A Garden of Sand by Earl Thompson
Another book placed directly in my lap by a girlfriend who said, "I don't like that prissy erotica stuff -- this is something that actually gets you off." While "The Godfather" was violent, it didn't mix violence with sex. "Garden of Sand" had anger, guilt, violence and sex all mixed in one pot and sometimes in a few brutal paragraphs. Two characters really shocked me -- a mother who has an incestuous relationship with her son and a furious dwarf who wreaks revenge on a prostitute -- but I couldn't get those scenes out of my head. This time, I didn't like having my friend know that I was turned on by the same things she was. I refused to talk to her about the book afterward. I was ashamed of myself for enjoying it and pissed at her for knowing I would.
Notes of a Dirty Old Man by Charles Bukowski
Is this what men really think about women? I found this on my father's bookshelf, at the height of Bukowski's reign as the drunken bard of the L.A. Free Press. I'd never heard someone be such a bastard in print before, but he was so damn eloquent about it. Made me wonder how the women in his life would tell the same story.
Don Juan in the Village by Jane DeLynn
These were the notes of a dirty old dyke and one of the first unrepentant ones at that. Jane De Lynn wrote about what it's like to love ugly, to love reckless, to be absolutely hateful and sopping wet all at the same time. I cheered because she'd broken the dreadful lesbian romance canon, and then later I realized that there just weren't any women authors talking about sex hunger like this, and precious few men, either.

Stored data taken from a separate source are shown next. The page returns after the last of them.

lemma quad_form_matC: "quad_form (matC \<gamma>) (block_vec w a b) = (w \<bullet> w) / \<gamma> - a * b"
proof -
  have "(\<Sum>j\<in>UNIV. (if i = j then 1 / \<gamma> else 0) * w $ j) = w $ i / \<gamma>" for i
  proof -
    have "(if i = j then 1 / \<gamma> else 0) * w $ j = (if i = j then w $ i / \<gamma> else 0)" for j
      by auto
    then show ?thesis by simp
  qed
  then show ?thesis
    by (simp add: quad_form_block_vec matrix_vector_mult_block_vec matC_def inner_vec_def
        sum_divide_distrib algebra_simps)
qed

lemma quad_form_matA_matB:
  "quad_form (matA X y z - \<mu> *\<^sub>R matB) (block_vec w a b)
     = (norm (X *v w + a *\<^sub>R (z - y) - b *\<^sub>R y))\<^sup>2 - \<mu> * (a + b)\<^sup>2"
  using quad_form_diff_add[of "matA X y z" \<mu> matB 0] by (simp add: quad_form_matA quad_form_matB)

lemma transpose_matA: "transpose (matA X y z) = matA X y z"
  by (auto simp: vec_eq_iff transpose_def matA_def matrix_matrix_mult_def mult.commute
      inner_commute matrix_vector_mult_def vector_matrix_mult_def split: sum.split)

lemma transpose_matB: "transpose matB = matB"
  by (auto simp: vec_eq_iff transpose_def matB_def split: sum.split)

lemma transpose_matC: "transpose (matC \<gamma>) = matC \<gamma>"
  by (auto simp: vec_eq_iff transpose_def matC_def split: sum.split)

lemma psd_dual_constraint_iff:
  "psd (matA X y z - \<mu> *\<^sub>R matB + l *\<^sub>R matC \<gamma>)
     \<longleftrightarrow> (\<forall>v. 0 \<le> quad_form (matA X y z - \<mu> *\<^sub>R matB) v + l * quad_form (matC \<gamma>) v)"
  using quad_form_diff_add[of "matA X y z" \<mu> matB l "matC \<gamma>"]
    quad_form_diff_add[of "matA X y z" \<mu> matB 0 "matC \<gamma>"]
  by (simp add: psd_iff_quad_form transpose_diff_add transpose_matA transpose_matB transpose_matC)

section \<open>Duality\<close>

lemma objective_eq_quad_form:
  "objective X y z \<gamma> w = quad_form (matA X y z) (block_vec w ((w \<bullet> w) / \<gamma>) 1)
     / (1 + (w \<bullet> w) / \<gamma>)\<^sup>2"
proof -
  have "(1 / \<gamma>) * (w \<bullet> w) = (w \<bullet> w) / \<gamma>"
    by simp
  moreover have "((w \<bullet> w) / \<gamma>) *\<^sub>R z + X *v w - y - ((w \<bullet> w) / \<gamma>) *\<^sub>R y
      = X *v w + ((w \<bullet> w) / \<gamma>) *\<^sub>R (z - y) - 1 *\<^sub>R y"
    by (simp add: algebra_simps)
  ultimately show ?thesis
    by (simp only: objective_def quad_form_matA)
qed

lemma le_objective_iff:
  assumes "\<gamma> > 0"
  shows "\<mu> \<le> objective X y z \<gamma> w
    \<longleftrightarrow> 0 \<le> quad_form (matA X y z - \<mu> *\<^sub>R matB) (block_vec w ((w \<bullet> w) / \<gamma>) 1)"
proof -
  have "0 \<le> (w \<bullet> w) / \<gamma>"
    using assms by simp
  then have "(1 + (w \<bullet> w) / \<gamma>)\<^sup>2 > 0"
    by (simp add: add_pos_nonneg)
  then show ?thesis
    by (simp add: objective_eq_quad_form quad_form_matA quad_form_matA_matB pos_le_divide_eq
        add.commute)
qed

lemma dual_feasible_le_objective:
  assumes "\<gamma> > 0" and "psd (matA X y z - \<mu> *\<^sub>R matB + l *\<^sub>R matC \<gamma>)"
  shows "\<mu> \<le> objective X y z \<gamma> w"
  using assms psd_dual_constraint_iff[THEN iffD1, rule_format, of X y z \<mu> l \<gamma>
      "block_vec w ((w \<bullet> w) / \<gamma>) 1"]
  by (simp add: le_objective_iff quad_form_matC)
(* Let $\Sigma$ be an alphabet with at least two letters, $k\ge1$, and $f\colon(\Sigma^* )^k\to\Sigma^*$ RCP. Then there exist $p_{f,1},\ldots,p_{f,k},e_f\in\mathbb{N}$ such that for all $x_1,\ldots,x_k\in\Sigma^*$ and all $a\in\Sigma$, $$|f(x_1,\ldots,x_k)|=p_{f,1}|x_1|+\cdots+p_{f,k}|x_k|+e_f,$$ $$|f(x_1,\ldots,x_k)|_a=p_{f,1}|x_1|_a+\cdots+p_{f,k}|x_k|_a+|f(\varepsilon,\ldots,\varepsilon)|_a,$$ where $e_f=|f(\varepsilon,\ldots,\varepsilon)|$ and $p_{f,i}=|f(\varepsilon,\ldots,\varepsilon,c,\varepsilon,\ldots,\varepsilon)|-|f(\varepsilon,\ldots,\varepsilon)|$ with the letter $c\in\Sigma$ in the $i$-th position (this value being independent of the choice of $c$).
   Context: $\Sigma^*$ is the free monoid over $\Sigma$ (finite words, concatenation, empty word $\varepsilon$); $|u|$ is the length of $u$ and $|u|_a$ the number of occurrences of the letter $a$ in $u$. A function $f\colon(\Sigma^* )^k\to\Sigma^*$ is RCP if for every monoid morphism $\varphi\colon\Sigma^*\to\Sigma^*$ and all $u_1,\ldots,u_k,v_1,\ldots,v_k$ with $\varphi(u_i)=\varphi(v_i)$ for all $i$, we have $\varphi(f(u_1,\ldots,u_k))=\varphi(f(v_1,\ldots,v_k))$. *)

theory Defs
  imports Main
begin

definition monoid_morphism :: "('a list \<Rightarrow> 'a list) \<Rightarrow> bool" where
  "monoid_morphism \<phi> \<longleftrightarrow> \<phi> [] = [] \<and> (\<forall>u v. \<phi> (u @ v) = \<phi> u @ \<phi> v)"

text \<open>A k-ary function on words is represented as a function on lists of words;
  only arguments of length k matter. RCP = respects all morphism-induced congruences.\<close>
definition RCP :: "nat \<Rightarrow> ('a list list \<Rightarrow> 'a list) \<Rightarrow> bool" where
  "RCP k f \<longleftrightarrow> (\<forall>\<phi>. monoid_morphism \<phi> \<longrightarrow>
     (\<forall>us vs. length us = k \<longrightarrow> length vs = k \<longrightarrow>
        (\<forall>i<k. \<phi> (us ! i) = \<phi> (vs ! i)) \<longrightarrow> \<phi> (f us) = \<phi> (f vs)))"

end

theory Submission
  imports Defs
begin

text \<open>For a weight \<open>g : \<Sigma> \<rightarrow> \<nat>\<close>, the morphism \<open>x \<mapsto> c\<^bsup>g x\<^esup>\<close> only remembers
  \<open>g\<close>-weights, so RCP makes the \<open>g\<close>-weight of \<open>f(x\<^sub>1,\<dots>,x\<^sub>k)\<close> a function of the
  \<open>g\<close>-weights of the \<open>x\<^sub>i\<close>. With \<open>g\<close> the indicator of a letter \<open>a\<close>, the number of
  \<open>a\<close>'s in \<open>f(x)\<close> is a function \<open>F\<^sub>a\<close> of the vector \<open>(|x\<^sub>i|\<^sub>a)\<^sub>i\<close>. With \<open>g\<close> the
  indicator of two letters \<open>a \<noteq> b\<close>, the arguments \<open>a\<^bsup>n\<^sub>i\<^esup>b\<^bsup>m\<^sub>i\<^esup>\<close> and \<open>a\<^bsup>n\<^sub>i+m\<^sub>i\<^esup>\<close>
  are indistinguishable, which gives \<open>F\<^sub>a(n) + F\<^sub>b(m) = F\<^sub>a(n+m) + F\<^sub>b(0)\<close>. Hence
  \<open>F\<^sub>a - F\<^sub>a(0)\<close> is additive and does not depend on \<open>a\<close>; being bounded below by
  \<open>-F\<^sub>a(0)\<close>, it is a linear form with natural coefficients. Summing the letter counts
  over the finite alphabet gives the length formula.\<close>

lemma monoid_morphism_concat_map: "monoid_morphism (\<lambda>u. concat (map h u))"
  unfolding monoid_morphism_def by simp

lemma concat_map_replicate:
  "concat (map (\<lambda>x. replicate (g x) c) u) = replicate (sum_list (map g u)) c"
  by (induction u) (auto simp: replicate_add)

lemma RCP_weight_invariant:
  fixes g :: "'a \<Rightarrow> nat"
  assumes "RCP k f" "length xs = k" "length ys = k"
    and "\<And>i. i < k \<Longrightarrow> sum_list (map g (xs ! i)) = sum_list (map g (ys ! i))"
  shows "sum_list (map g (f xs)) = sum_list (map g (f ys))"
proof -
  define \<phi> :: "'a list \<Rightarrow> 'a list" where "\<phi> u = concat (map (\<lambda>x. replicate (g x) undefined) u)" for u
  have \<phi>: "\<phi> u = replicate (sum_list (map g u)) undefined" for u
    unfolding \<phi>_def by (rule concat_map_replicate)
  have "monoid_morphism \<phi>"
    unfolding \<phi>_def by (rule monoid_morphism_concat_map)
  moreover have "\<forall>i<k. \<phi> (xs ! i) = \<phi> (ys ! i)"
    using assms(4) by (simp add: \<phi>)
  ultimately have "\<phi> (f xs) = \<phi> (f ys)"
    using assms(1-3) unfolding RCP_def by blast
  then show ?thesis
    by (simp add: \<phi>)
qed

lemma count_list_eq_sum_list:
  "count_list u a = sum_list (map (\<lambda>x. if x = a then 1 else 0) u)"
  by (induction u) auto

lemma count_list_add_eq_sum_list:
  "a \<noteq> b \<Longrightarrow> count_list u a + count_list u b = sum_list (map (\<lambda>x. if x = a \<or> x = b then 1 else 0) u)"
  by (induction u) auto

lemma count_list_replicate [simp]: "count_list (replicate n x) y = (if x = y then n else 0)"
  by (induction n) auto

lemma length_eq_sum_count_list: "length (w :: 'a::finite list) = (\<Sum>a\<in>UNIV. count_list w a)"
  by (simp add: sum_count_set)

lemma length_linear_if_count_list_linear:
  fixes w w0 :: "'a::finite list"
  assumes "\<And>a. count_list w a = (\<Sum>i<k. p i * count_list (xs ! i) a) + count_list w0 a"
  shows "length w = (\<Sum>i<k. p i * length (xs ! i)) + length w0"
proof -
  have "length w = (\<Sum>a\<in>UNIV. \<Sum>i<k. p i * count_list (xs ! i) a) + (\<Sum>a\<in>UNIV. count_list w0 a)"
    by (simp add: length_eq_sum_count_list[of w] assms sum.distrib)
  also have "(\<Sum>a\<in>UNIV. \<Sum>i<k. p i * count_list (xs ! i) a) = (\<Sum>i<k. p i * length (xs ! i))"
    unfolding length_eq_sum_count_list[of "xs ! _"] sum_distrib_left by (rule sum.swap)
  finally show ?thesis
    by (simp add: length_eq_sum_count_list)
qed

lemma sum_mult_length_single_letter_tuple:
  assumes "i < k"
  shows "(\<Sum>j<k. p j * length ((replicate k [])[i := [c]] ! j)) = p i"
proof -
  have "(\<Sum>j<k. p j * length ((replicate k [])[i := [c]] ! j)) = (\<Sum>j<k. if j = i then p i else 0)"
    by (rule sum.cong) (auto simp: nth_list_update)
  then show ?thesis
    using assms by simp
qed

context
  fixes D :: "(nat \<Rightarrow> nat) \<Rightarrow> 'b::ring_1"
  assumes additive: "\<And>n m. D (\<lambda>i. n i + m i) = D n + D m"
begin

lemma additive_zero: "D (\<lambda>_. 0) = 0"
  using additive[of "\<lambda>_. 0" "\<lambda>_. 0"] by simp

lemma additive_scale: "D (\<lambda>i. t * n i) = of_nat t * D n"
proof (induction t)
  case 0
  then show ?case by (simp add: additive_zero)
next
  case (Suc t)
  have "D (\<lambda>i. Suc t * n i) = D (\<lambda>i. t * n i) + D n"
    by (simp add: additive[symmetric] add.commute)
  then show ?case
    by (simp add: Suc algebra_simps)
qed

lemma additive_linear:
  "D (\<lambda>i. if i < k then n i else 0) = (\<Sum>i<k. of_nat (n i) * D (\<lambda>j. if j = i then 1 else 0))"
proof (induction k)
  case 0
  then show ?case by (simp add: additive_zero)
next
  case (Suc k)
  have "(\<lambda>i. if i < Suc k then n i else 0)
      = (\<lambda>i. (if i < k then n i else 0) + n k * (if i = k then 1 else 0))"
    by (auto simp: fun_eq_iff less_Suc_eq)
  then show ?case
    by (simp add: additive additive_scale Suc)
qed

end

lemma additive_bounded_below_nonneg:
  fixes D :: "(nat \<Rightarrow> nat) \<Rightarrow> int"
  assumes additive: "\<And>n m. D (\<lambda>i. n i + m i) = D n + D m"
    and bounded: "\<And>n. D n \<ge> - c"
  shows "D n \<ge> 0"
proof (rule ccontr)
  assume "\<not> D n \<ge> 0"
  define t where "t = nat c + 1"
  have "int t * D n \<le> int t * (- 1)"
    using \<open>\<not> D n \<ge> 0\<close> by (intro mult_left_mono) auto
  also have "\<dots> < - c"
    unfolding t_def by simp
  finally have "D (\<lambda>i. t * n i) < - c"
    using additive_scale[of D, OF additive] by simp
  with bounded show False
    by (meson not_less)
qed

locale RCP_function =
  fixes f :: "'a list list \<Rightarrow> 'a list" and k :: nat
  assumes RCP: "RCP k f"
begin

definition profile :: "'a \<Rightarrow> (nat \<Rightarrow> nat) \<Rightarrow> nat" where
  "profile a n = count_list (f (map (\<lambda>i. replicate (n i) a) [0..<k])) a"

definition increment :: "'a \<Rightarrow> (nat \<Rightarrow> nat) \<Rightarrow> int" where
  "increment a n = int (profile a n) - int (profile a (\<lambda>_. 0))"

lemma profile_cong:
  assumes "\<And>i. i < k \<Longrightarrow> n i = m i"
  shows "profile a n = profile a m"
proof -
  have "map (\<lambda>i. replicate (n i) a) [0..<k] = map (\<lambda>i. replicate (m i) a) [0..<k]"
    by (rule map_cong) (simp_all add: assms)
  then show ?thesis
    by (simp only: profile_def)
qed

lemma count_list_eq_profile:
  assumes "length xs = k"
  shows "count_list (f xs) a = profile a (\<lambda>i. count_list (xs ! i) a)"
  unfolding profile_def count_list_eq_sum_list
  by (rule RCP_weight_invariant[OF RCP assms]) (simp_all add: count_list_eq_sum_list[symmetric] sum_list_replicate)

lemma profile_exchange:
  assumes "a \<noteq> b"
  shows "profile a n + profile b m = profile a (\<lambda>i. n i + m i) + profile b (\<lambda>_. 0)"
proof -
  let ?xs = "map (\<lambda>i. replicate (n i) a @ replicate (m i) b) [0..<k]"
  let ?ys = "map (\<lambda>i. replicate (n i + m i) a) [0..<k]"
  have "count_list (f ?xs) a + count_list (f ?xs) b = count_list (f ?ys) a + count_list (f ?ys) b"
    unfolding count_list_add_eq_sum_list[OF assms]
    by (rule RCP_weight_invariant[OF RCP])
      (use assms in \<open>simp_all add: count_list_add_eq_sum_list[OF assms, symmetric] sum_list_replicate\<close>)
  moreover have "count_list (f ?xs) a = profile a n" "count_list (f ?xs) b = profile b m"
    "count_list (f ?ys) a = profile a (\<lambda>i. n i + m i)" "count_list (f ?ys) b = profile b (\<lambda>_. 0)"
    using assms by (auto simp: count_list_eq_profile intro!: profile_cong)
  ultimately show ?thesis
    by simp
qed

lemma increment_letter_independent: "a \<noteq> b \<Longrightarrow> increment a n = increment b n"
  using profile_exchange[of a b "\<lambda>_. 0" n] unfolding increment_def by simp

lemma increment_additive:
  "a \<noteq> b \<Longrightarrow> increment a (\<lambda>i. n i + m i) = increment a n + increment a m"
  using profile_exchange[of a b n m] increment_letter_independent[of a b m]
  unfolding increment_def by simp

lemma increment_unit_nonneg:
  assumes "a \<noteq> b"
  shows "increment a (\<lambda>j. if j = i then 1 else 0) \<ge> 0"
proof (rule additive_bounded_below_nonneg[of "increment a"])
  show "increment a (\<lambda>i. n i + m i) = increment a n + increment a m" for n m
    using increment_additive[OF assms] .
  show "increment a n \<ge> - int (profile a (\<lambda>_. 0))" for n
    by (simp add: increment_def)
qed

lemma count_list_linear:
  assumes "a \<noteq> b" "length xs = k"
  shows "int (count_list (f xs) a) = int (count_list (f (replicate k [])) a)
    + (\<Sum>i<k. int (count_list (xs ! i) a) * increment a (\<lambda>j. if j = i then 1 else 0))"
proof -
  let ?n = "\<lambda>i. count_list (xs ! i) a"
  have "int (count_list (f xs) a) = int (profile a (\<lambda>_. 0)) + increment a (\<lambda>i. if i < k then ?n i else 0)"
    unfolding increment_def count_list_eq_profile[OF assms(2)] by (simp cong: profile_cong)
  also have "profile a (\<lambda>_. 0) = count_list (f (replicate k [])) a"
    by (simp add: count_list_eq_profile cong: profile_cong)
  also have "increment a (\<lambda>i. if i < k then ?n i else 0)
      = (\<Sum>i<k. int (?n i) * increment a (\<lambda>j. if j = i then 1 else 0))"
    by (rule additive_linear[of "increment a", OF increment_additive[OF assms(1)]])
  finally show ?thesis .
qed

lemma count_list_linear_nat:
  fixes a0 b0 :: 'a
  assumes "a0 \<noteq> b0"
  obtains p where "\<And>xs a. length xs = k \<Longrightarrow>
    count_list (f xs) a = (\<Sum>i<k. p i * count_list (xs ! i) a) + count_list (f (replicate k [])) a"
proof -
  let ?unit = "\<lambda>i j. if j = i then 1 else 0"
  define p where "p i = nat (increment a0 (?unit i))" for i
  have "count_list (f xs) a = (\<Sum>i<k. p i * count_list (xs ! i) a) + count_list (f (replicate k [])) a"
    if xs: "length xs = k" for xs a
  proof -
    define b where "b = (if a = a0 then b0 else a0)"
    have "a \<noteq> b"
      using assms unfolding b_def by auto
    have "int (p i) = increment a (?unit i)" for i
      using increment_unit_nonneg[OF \<open>a \<noteq> b\<close>, of i] increment_letter_independent[of a a0 "?unit i"]
      unfolding p_def by (cases "a = a0") auto
    then have "int (count_list (f xs) a)
        = int ((\<Sum>i<k. p i * count_list (xs ! i) a) + count_list (f (replicate k [])) a)"
      by (simp add: count_list_linear[OF \<open>a \<noteq> b\<close> xs] mult.commute)
    then show ?thesis
      by (rule of_nat_eq_iff[THEN iffD1])
  qed
  then show thesis
    by (rule that)
qed

end

theorem mainTheorem13:
  fixes f :: "('a::finite) list list \<Rightarrow> 'a list" and k :: nat
  assumes "card (UNIV :: 'a set) \<ge> 2" and "k \<ge> 1" and "RCP k f"
  shows "\<exists>(p :: nat \<Rightarrow> nat) (e :: nat).
     e = length (f (replicate k [])) \<and>
     (\<forall>i<k. \<forall>c. length (f ((replicate k [])[i := [c]])) = p i + e) \<and>
     (\<forall>xs. length xs = k \<longrightarrow>
        length (f xs) = (\<Sum>i<k. p i * length (xs ! i)) + e \<and>
        (\<forall>a. count_list (f xs) a =
               (\<Sum>i<k. p i * count_list (xs ! i) a) + count_list (f (replicate k [])) a))"
proof -
  interpret RCP_function f k
    by unfold_locales (rule assms(3))
  obtain a0 b0 :: 'a where "a0 \<noteq> b0"
    using assms(1) card_le_Suc0_iff_eq[of "UNIV :: 'a set"] by auto
  then obtain p where count: "\<And>xs a. length xs = k \<Longrightarrow>
    count_list (f xs) a = (\<Sum>i<k. p i * count_list (xs ! i) a) + count_list (f (replicate k [])) a"
    using count_list_linear_nat by blast
  have length: "length (f xs) = (\<Sum>i<k. p i * length (xs ! i)) + length (f (replicate k []))"
    if "length xs = k" for xs
    by (rule length_linear_if_count_list_linear) (rule count[OF that])
  have "length (f ((replicate k [])[i := [c]])) = p i + length (f (replicate k []))"
    if "i < k" for i c
    using length[of "(replicate k [])[i := [c]]"] that by (simp add: sum_mult_length_single_letter_tuple)
  with count length show ?thesis
    by blast
qed

end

Goin' Down With Janis by Peggy Caserta
I love Janis Joplin and I love trashy celebrity biographies, but it's rare to find a lesbian love affair that can tie the two together. This book was ghost-written to be grotesque, yet I was touched by the tenderness that escaped the editor's cheese machine. Peggy and Janis loved each other, and that made me listen to Janis' blues with a new understanding.